Skin Lesion Morphology

Linear Lesions

Cutaneous Larva Migrans

Cutaneous larva migrans, a condition in which the skin is infested with the larval stage of cat or dog hookworm (Ancylostoma spp.), manifests as an extremely pruritic, serpiginous, linear lesion (see Sec. 5, Part 3, Ch. 4, Cutaneous Larva Migrans). The migrating larvae advance relatively slowly in the skin’s uppermost layers. A deeper lesion that resembles urticarial patches and that progresses rapidly might be due to larva currens (running larva), caused by cutaneous migration of filariform larva of Strongyloides stercoralis (see Sec. 5, Part 3, Ch. 21, Strongyloidiasis).

Lymphocutaneous or Sporotrichoid Spread of Infection

Lymphocutaneous or sporotrichoid spread of infection occurs when organisms ascend proximally along superficial cutaneous lymphatics, producing raised, cordlike, linear lesions. Alternatively, this condition can present as an ascending chain of discontinuous, sometimes ulcerated nodules (termed nodular lymphangitis) that occur after primary percutaneous inoculation of certain pathogens. Causative pathogens can be bacterial (e.g., Francisella tularensis; atypical Mycobacterium spp. [such as M. marinum after exposure to brackish water or rapidly growing Mycobacteria after pedicure footbaths]; Nocardia spp.), parasitic (e.g., Leishmania spp., particularly those responsible for causing Western Hemisphere leishmaniasis), or fungal (e.g., Coccidioides spp., Sporothrix).

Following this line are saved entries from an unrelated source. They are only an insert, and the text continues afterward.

lemma first_index_eq_enat_iff: "first_index c x = enat k \<longleftrightarrow> x \<in> c k \<and> (\<forall>j<k. x \<notin> c j)"
proof
  assume "first_index c x = enat k"
  then have ex: "\<exists>j. x \<in> c j" and "(LEAST j. x \<in> c j) = k"
    by (auto simp: first_index_def split: if_splits)
  then show "x \<in> c k \<and> (\<forall>j<k. x \<notin> c j)"
    using LeastI_ex[OF ex] not_less_Least by blast
next
  assume "x \<in> c k \<and> (\<forall>j<k. x \<notin> c j)"
  then show "first_index c x = enat k"
    by (auto simp: first_index_def intro!: Least_equality) (meson not_le)
qed

lemma continuous_map_enatI:
  fixes f :: "'a \<Rightarrow> enat"
  assumes "\<And>k. openin X {x\<in>topspace X. f x = enat k}"
      and "\<And>k. openin X {x\<in>topspace X. enat k < f x}"
  shows "continuous_map X euclidean f"
  unfolding continuous_map_def
proof (intro conjI allI impI)
  show "f \<in> topspace X \<rightarrow> topspace euclidean" by simp
  fix U :: "enat set" assume "openin euclidean U"
  then have U: "open U" by simp
  show "openin X {x \<in> topspace X. f x \<in> U}"
  proof (subst openin_subopen, intro ballI)
    fix x assume x: "x \<in> {x \<in> topspace X. f x \<in> U}"
    show "\<exists>T. openin X T \<and> x \<in> T \<and> T \<subseteq> {x \<in> topspace X. f x \<in> U}"
    proof (cases "f x")
      case (enat k)
      then show ?thesis using x
        by (intro exI[of _ "{x\<in>topspace X. f x = enat k}"]) (auto intro: assms)
    next
      case infinity
      with x U obtain n :: nat where "{enat n <..} \<subseteq> U"
        using open_enat_iff by auto
      then show ?thesis using x infinity
        by (intro exI[of _ "{x\<in>topspace X. enat n < f x}"]) (auto intro: assms)
    qed
  qed
qed
(* On $M=(0,\infty)$ with $g_R=dx^2$, let $I_k=[2^{-(k+1)},2^{-k}]$ for $k=0,1,2,\dots$ and let $f:(0,\infty)\to\mathbb R$ be any smooth function with $|f|<1$ everywhere such that $f\equiv 2^{-(4k+1)}-1$ on $I_{4k}$ and $f\equiv 1-2^{-(4k+3)}$ on $I_{4k+2}$ for all $k\ge0$. Then the Randers metric $R$ with Zermelo data $(dx^2,\,f\partial_x)$ is forward and backward geodesically complete, although $g_R$ is incomplete.
   Context: The Randers metric with Zermelo data $(g_R,W)$, $|W|_R<1$, is the Finsler metric $R(v)=\dfrac{|v|_R^2}{g_R(W,v)+\sqrt{(1-|W|_R^2)|v|_R^2+g_R(W,v)^2}}$, whose unit sphere at $p$ is the translate by $W_p$ of the $g_R$-unit sphere. Forward (resp. backward) completeness means every inextendible geodesic is defined on an interval unbounded above (resp. below). *)

theory Defs
  imports "HOL-Analysis.Analysis"
begin

definition smooth_on_real :: "real set \<Rightarrow> (real \<Rightarrow> real) \<Rightarrow> bool" where
  "smooth_on_real S f \<longleftrightarrow> (\<forall>n. \<forall>x\<in>S. ((deriv ^^ n) f) differentiable (at x))"

text \<open>Manifold M = (0,infinity) with g_R = dx^2; a tangent vector at x is a real v
  (v times d/dx), so |v|_R^2 = v^2 and g_R(W,v) = W x * v for W = W x d/dx.
  Randers metric with Zermelo data (dx^2, W):\<close>
definition randers :: "(real \<Rightarrow> real) \<Rightarrow> real \<Rightarrow> real \<Rightarrow> real" where
  "randers W x v = v^2 / (W x * v + sqrt ((1 - (W x)^2) * v^2 + (W x * v)^2))"

definition energy :: "(real \<Rightarrow> real) \<Rightarrow> real \<Rightarrow> real \<Rightarrow> real" where
  "energy W x v = (randers W x v)^2 / 2"

definition open_interval :: "real set \<Rightarrow> bool" where
  "open_interval J \<longleftrightarrow> is_interval J \<and> open J \<and> J \<noteq> {}"

definition randers_geodesic :: "(real \<Rightarrow> real) \<Rightarrow> real set \<Rightarrow> (real \<Rightarrow> real) \<Rightarrow> bool" where
  "randers_geodesic W J \<gamma> \<longleftrightarrow> open_interval J \<and> (\<forall>t\<in>J. \<gamma> t > 0) \<and>
     ((\<exists>c. \<forall>t\<in>J. \<gamma> t = c) \<or>
      (\<forall>t\<in>J. \<gamma> differentiable (at t) \<and> deriv \<gamma> t \<noteq> 0 \<and>
         (\<lambda>w. energy W (\<gamma> t) w) differentiable (at (deriv \<gamma> t)) \<and>
         (\<lambda>y. energy W y (deriv \<gamma> t)) differentiable (at (\<gamma> t)) \<and>
         ((\<lambda>s. deriv (\<lambda>w. energy W (\<gamma> s) w) (deriv \<gamma> s))
            has_real_derivative deriv (\<lambda>y. energy W y (deriv \<gamma> t)) (\<gamma> t)) (at t)))"

definition inextendible_geodesic :: "(real \<Rightarrow> real) \<Rightarrow> real set \<Rightarrow> (real \<Rightarrow> real) \<Rightarrow> bool" where
  "inextendible_geodesic W J \<gamma> \<longleftrightarrow> randers_geodesic W J \<gamma> \<and>
     \<not> (\<exists>J' \<delta>. J \<subset> J' \<and> randers_geodesic W J' \<delta> \<and> (\<forall>t\<in>J. \<delta> t = \<gamma> t))"

definition forward_complete :: "(real \<Rightarrow> real) \<Rightarrow> bool" where
  "forward_complete W \<longleftrightarrow>
     (\<forall>J \<gamma>. inextendible_geodesic W J \<gamma> \<longrightarrow> (\<forall>a. \<exists>t\<in>J. t > a))"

Phytophotodermatitis & Other Noninfectious Exposures

Phytophotodermatitis is a noninfectious condition resulting from the interaction of natural psoralens, most common in the juice of limes, and ultraviolet A radiation from the sun. The result is the equivalent of an exaggerated sunburn that creates a painful line of blisters, after which asymptomatic hyperpigmented lines appear that can take weeks or months to resolve.

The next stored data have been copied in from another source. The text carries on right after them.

lemma poly_mat_unit_cols_annihilator:
  assumes T: "T \<in> carrier_mat (p + m) (p + m)"
    and unit: "\<And>j. j < p \<Longrightarrow> col T j = unit_vec (p + m) j"
    and Z: "Z \<in> carrier_mat m m" and Z_T: "\<And>a b. a < m \<Longrightarrow> b < m \<Longrightarrow> Z $$ (a,b) = T $$ (p + a, p + b)"
  shows "poly_mat ([:-1, 1:] * char_poly Z) T = 0\<^sub>m (p + m) (p + m)"
proof (rule eq_matI)
  fix i j assume "i < dim_row (0\<^sub>m (p + m) (p + m) :: real mat)" "j < dim_col (0\<^sub>m (p + m) (p + m) :: real mat)"
  then have i: "i < p + m" and j: "j < p + m" by auto
  let ?Y = "poly_mat (char_poly Z) T"
  have Y: "?Y \<in> carrier_mat (p + m) (p + m)" using T by simp
  have vanish: "(T - 1\<^sub>m (p + m)) $$ (i,l) * ?Y $$ (l,j) = 0" if l: "l < p + m" for l
  proof (cases "l < p")
    case True
    then show ?thesis using index_col_unit_vec[OF T unit] T i by simp
  next
    case False
    then obtain a where "l = p + a" "a < m"
      using l by (metis add_less_cancel_left le_add_diff_inverse not_less)
    then show ?thesis using poly_mat_char_poly_lower_rows[OF T unit Z Z_T _ j] by simp
  qed
  have "poly_mat ([:-1, 1:] * char_poly Z) T $$ (i,j) = ((T - 1\<^sub>m (p + m)) * ?Y) $$ (i,j)"
    by (simp only: poly_mat_x_minus_1_mult[OF T])
  also have "\<dots> = (\<Sum>l<p + m. (T - 1\<^sub>m (p + m)) $$ (i,l) * ?Y $$ (l,j))"
    using T i j by (simp add: scalar_prod_def atLeast0LessThan)
  also have "\<dots> = 0" by (intro sum.neutral ballI vanish) simp
  finally show "poly_mat ([:-1, 1:] * char_poly Z) T $$ (i,j) = 0\<^sub>m (p + m) (p + m) $$ (i,j)"
    using i j by simp
qed (use T in auto)

lemma degree_min_poly_mat_unit_cols:
  assumes T: "T \<in> carrier_mat (p + m) (p + m)"
    and unit: "\<And>j. j < p \<Longrightarrow> col T j = unit_vec (p + m) j"
  shows "degree (min_poly_mat T) \<le> m + 1"
proof -
  define Z where "Z = mat m m (\<lambda>(a,b). T $$ (p + a, p + b))"
  have Z: "Z \<in> carrier_mat m m" unfolding Z_def by simp
  have Z_T: "Z $$ (a,b) = T $$ (p + a, p + b)" if "a < m" "b < m" for a b
    unfolding Z_def using that by simp
  define g where "g = [:-1, 1:] * char_poly Z"
  have linear: "[:-1, 1:] \<noteq> (0 :: real poly)" "degree [:-1, 1 :: real:] = 1" by simp_all
  have char_poly: "char_poly Z \<noteq> 0" "degree (char_poly Z) = m"
    using degree_monic_char_poly[OF Z] by auto
  have "g \<noteq> 0" unfolding g_def using linear char_poly by (metis mult_eq_0_iff)
  moreover have "degree g = m + 1"
    unfolding g_def using degree_mult_eq[OF linear(1) char_poly(1)] linear char_poly by simp
  moreover have "poly_mat g T = 0\<^sub>m (p + m) (p + m)"
    unfolding g_def by (rule poly_mat_unit_cols_annihilator[OF T unit Z Z_T])
  ultimately show ?thesis
    using degree_min_poly_mat_le[OF T] by metis
qed

lemma inv_mat_left_inverse:
  fixes M :: "real mat"
  assumes M: "M \<in> carrier_mat n n" and det: "det M \<noteq> 0"
  shows "inv_mat M \<in> carrier_mat n n" "inv_mat M * M = 1\<^sub>m n"
proof -
  obtain B where "B \<in> carrier_mat n n" "M * B = 1\<^sub>m n" "B * M = 1\<^sub>m n"
    using det_non_zero_imp_unit[OF M det, of "()"] unfolding Units_def ring_mat_def by auto
  then have "\<exists>B. B \<in> carrier_mat (dim_row M) (dim_row M) \<and> inverts_mat M B \<and> inverts_mat B M"
    using M unfolding inverts_mat_def by auto
  then have "inv_mat M \<in> carrier_mat (dim_row M) (dim_row M) \<and> inverts_mat (inv_mat M) M"
    unfolding inv_mat_def by (rule someI2_ex) blast
  then show "inv_mat M \<in> carrier_mat n n" "inv_mat M * M = 1\<^sub>m n"
    using M unfolding inverts_mat_def by auto
qed

lemma col_inv_mat_mult_unit_vec:
  fixes A M :: "real mat"
  assumes A: "A \<in> carrier_mat n n" and M: "M \<in> carrier_mat n n" and "det M \<noteq> 0" and j: "j < n"
    and "col A j = unit_vec n j" "col M j = unit_vec n j"
  shows "col (inv_mat M * A) j = unit_vec n j"
proof -
  note inv = inv_mat_left_inverse[OF M \<open>det M \<noteq> 0\<close>]
  have "col (inv_mat M * A) j = inv_mat M *\<^sub>v col M j"
    using col_mult2[OF inv(1) A j] assms by simp
  also have "\<dots> = col (inv_mat M * M) j"
    using col_mult2[OF inv(1) M j] by simp
  finally show ?thesis using inv(2) j by simp
qed

lemma degree_min_poly_mat_inv_mult:
  fixes A M :: "real mat"
  assumes A: "A \<in> carrier_mat (p + m) (p + m)" and M: "M \<in> carrier_mat (p + m) (p + m)"
    and det: "det M \<noteq> 0"
    and A_unit: "\<And>j. j < p \<Longrightarrow> col A j = unit_vec (p + m) j"
    and M_unit: "\<And>j. j < p \<Longrightarrow> col M j = unit_vec (p + m) j"
  shows "degree (min_poly_mat (inv_mat M * A)) \<le> m + 1"
proof (rule degree_min_poly_mat_unit_cols)
  show "inv_mat M * A \<in> carrier_mat (p + m) (p + m)"
    using inv_mat_left_inverse(1)[OF M det] A by simp
  show "col (inv_mat M * A) j = unit_vec (p + m) j" if "j < p" for j
    using col_inv_mat_mult_unit_vec[OF A M det _ A_unit M_unit] that by simp
qed

lemma block3_carrier:
  assumes "B11 \<in> carrier_mat n1 n1" "B22 \<in> carrier_mat n2 n2" "B33 \<in> carrier_mat n3 n3"
  shows "block3 B11 B12 B13 B21 B22 B23 B31 B32 B33 \<in> carrier_mat (n1 + (n2 + n3)) (n1 + (n2 + n3))"
  using assms unfolding block3_def carrier_mat_def by simp

lemma col_block3_unit_vec:
  assumes "B22 \<in> carrier_mat n n" "B33 \<in> carrier_mat q q" and j: "j < p"
  shows "col (block3 (1\<^sub>m p) B12 B13 (0\<^sub>m n p) B22 B23 (0\<^sub>m q p) B32 B33) j = unit_vec (p + (n + q)) j"
  using assms unfolding block3_def by (intro eq_vecI) auto

lemma det_block3_unit_diag:
  fixes X P Y :: "real mat"
  assumes X: "X \<in> carrier_mat p n" and P: "P \<in> carrier_mat n n" and Y: "Y \<in> carrier_mat n q"
  shows "det (block3 (1\<^sub>m p) X (0\<^sub>m p q) (0\<^sub>m n p) P Y (0\<^sub>m q p) (0\<^sub>m q n) (1\<^sub>m q)) = det P"
proof -
  have upper: "four_block_mat X (0\<^sub>m p q) (0\<^sub>m 0 n) (0\<^sub>m 0 q) \<in> carrier_mat p (n + q)"
    using X by auto
  have lower: "four_block_mat P Y (0\<^sub>m q n) (1\<^sub>m q) \<in> carrier_mat (n + q) (n + q)"
    using P by auto
  have "det (block3 (1\<^sub>m p) X (0\<^sub>m p q) (0\<^sub>m n p) P Y (0\<^sub>m q p) (0\<^sub>m q n) (1\<^sub>m q)) =
      det (1\<^sub>m p) * det (four_block_mat P Y (0\<^sub>m q n) (1\<^sub>m q))"
    unfolding block3_def using X
    by (simp add: det_four_block_mat_lower_left_zero[OF one_carrier_mat upper _ lower])
  also have "\<dots> = det P"
    using det_four_block_mat_lower_left_zero[OF P Y refl one_carrier_mat] by simp
  finally show ?thesis .
qed

lemma sym_pos_def_mat_det_nonzero:
  assumes "sym_pos_def_mat n P"
  shows "det P \<noteq> 0"
proof
  assume "det P = 0"
  have P: "P \<in> carrier_mat n n" using assms unfolding sym_pos_def_mat_def by auto
  obtain v where v: "v \<in> carrier_vec n" "v \<noteq> 0\<^sub>v n" "P *\<^sub>v v = 0\<^sub>v n"
    using det_0_iff_vec_prod_zero[OF P] \<open>det P = 0\<close> by auto
  then have "v \<bullet> (P *\<^sub>v v) > 0" using assms unfolding sym_pos_def_mat_def by auto
  then show False using v by simp
qed

theorem theorem6:
  fixes p n q :: nat and A1 A2 Phat :: "real mat"
  assumes A1: "A1 \<in> carrier_mat p n"
    and rankA1: "vec_space.rank p A1 = n"
    and A2: "A2 \<in> carrier_mat q n"
    and Phat: "sym_pos_def_mat n Phat"
  defines "P \<equiv> transpose_mat A1 * A1"
  defines "\<A> \<equiv> block3 (1\<^sub>m p) A1 (0\<^sub>m p q)
                       (0\<^sub>m n p) P (transpose_mat A2)
                       (0\<^sub>m q p) A2 (1\<^sub>m q)"
    and "M1 \<equiv> block3 (1\<^sub>m p) (0\<^sub>m p n) (0\<^sub>m p q)
                    (0\<^sub>m n p) Phat (0\<^sub>m n q)
                    (0\<^sub>m q p) (0\<^sub>m q n) (1\<^sub>m q)"
    and "M2 \<equiv> block3 (1\<^sub>m p) (0\<^sub>m p n) (0\<^sub>m p q)
                    (0\<^sub>m n p) Phat (transpose_mat A2)
                    (0\<^sub>m q p) (0\<^sub>m q n) (1\<^sub>m q)"
    and "M3 \<equiv> block3 (1\<^sub>m p) A1 (0\<^sub>m p q)
                    (0\<^sub>m n p) Phat (0\<^sub>m n q)
                    (0\<^sub>m q p) (0\<^sub>m q n) (1\<^sub>m q)"
    and "M4 \<equiv> block3 (1\<^sub>m p) A1 (0\<^sub>m p q)
                    (0\<^sub>m n p) Phat (transpose_mat A2)
                    (0\<^sub>m q p) (0\<^sub>m q n) (1\<^sub>m q)"
  shows "\<forall>M \<in> {M1, M2, M3, M4}. degree (min_poly_mat (inv_mat M * \<A>)) \<le> n + q + 1"
proof -
  \<comment> \<open>Only the common unit first block column of \<open>\<A>\<close> and \<open>M\<^sub>i\<close> and the invertibility of
    \<open>Phat\<close> matter.\<close>
  have Phat_carrier: "Phat \<in> carrier_mat n n" using Phat unfolding sym_pos_def_mat_def by simp
  have A: "\<A> \<in> carrier_mat (p + (n + q)) (p + (n + q))"
    unfolding \<A>_def P_def using A1 by (intro block3_carrier) auto
  have A_unit: "col \<A> j = unit_vec (p + (n + q)) j" if "j < p" for j
    unfolding \<A>_def P_def using A1 that by (intro col_block3_unit_vec) auto
  have bound: "degree (min_poly_mat (inv_mat
      (block3 (1\<^sub>m p) X (0\<^sub>m p q) (0\<^sub>m n p) Phat Y (0\<^sub>m q p) (0\<^sub>m q n) (1\<^sub>m q)) * \<A>)) \<le> n + q + 1"
    if X: "X \<in> carrier_mat p n" and Y: "Y \<in> carrier_mat n q" for X Y
  proof (rule degree_min_poly_mat_inv_mult[OF A _ _ A_unit])
    show "block3 (1\<^sub>m p) X (0\<^sub>m p q) (0\<^sub>m n p) Phat Y (0\<^sub>m q p) (0\<^sub>m q n) (1\<^sub>m q)
        \<in> carrier_mat (p + (n + q)) (p + (n + q))"
      using Phat_carrier by (intro block3_carrier) auto
    show "det (block3 (1\<^sub>m p) X (0\<^sub>m p q) (0\<^sub>m n p) Phat Y (0\<^sub>m q p) (0\<^sub>m q n) (1\<^sub>m q)) \<noteq> 0"
      unfolding det_block3_unit_diag[OF X Phat_carrier Y] by (rule sym_pos_def_mat_det_nonzero[OF Phat])
    show "col (block3 (1\<^sub>m p) X (0\<^sub>m p q) (0\<^sub>m n p) Phat Y (0\<^sub>m q p) (0\<^sub>m q n) (1\<^sub>m q)) j
        = unit_vec (p + (n + q)) j" if "j < p" for j
      using Phat_carrier that by (intro col_block3_unit_vec) auto
  qed
  have A2T: "transpose_mat A2 \<in> carrier_mat n q" using A2 by simp
  show ?thesis
    unfolding M1_def M2_def M3_def M4_def
    using bound[OF zero_carrier_mat zero_carrier_mat] bound[OF zero_carrier_mat A2T]
      bound[OF A1 zero_carrier_mat] bound[OF A1 A2T] by auto
qed

end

Long linear lesions caused by cnidarian envenomation (e.g., stings from the tentacles of jellyfish and the Portuguese man o’ war [Physalia physalis]), often resemble phytophotodermatitis. Another common, but self-evident, cause of an itchy, often blistering eruption, is acute contact dermatitis due to black henna. In places where temporary tattooing is practiced, paraphenylenediamine is added to red or brown henna to make a longer-lasting pigment, black henna. Travelers who receive temporary tattoos using black henna (rather than the red or brown), are at risk for developing a cutaneous reaction to paraphenylenediamine.

Macular Lesions

Macules and patches (flat lesions) are common, often nonspecific, and frequently due to drug reactions or viral exanthems. Purpura are typically macular, and any purpuric lesion associated with fever could indicate a life-threatening emergency (e.g., meningococcemia).

Coronavirus Disease 2019

Some patients with coronavirus disease 2019 (COVID-19), particularly young children and young adults, develop a condition known as COVID toes. The condition is characterized by the sudden onset of painful, dusky red macules and patches, typically on the plantar aspect of the distal phalanges of ≥1 toes. Clinically and histologically, COVID toes resembles conditions known as chilblains (a cold weather injury) or lupus pernio (a skin finding in some patients with systemic lupus erythematosus). Although an epidemiologic link with the COVID-19 pandemic seems apparent, viral, molecular, and serologic studies have not confirmed a causal relationship. Nevertheless, young travelers who develop this medical condition warrant further evaluation for COVID-19.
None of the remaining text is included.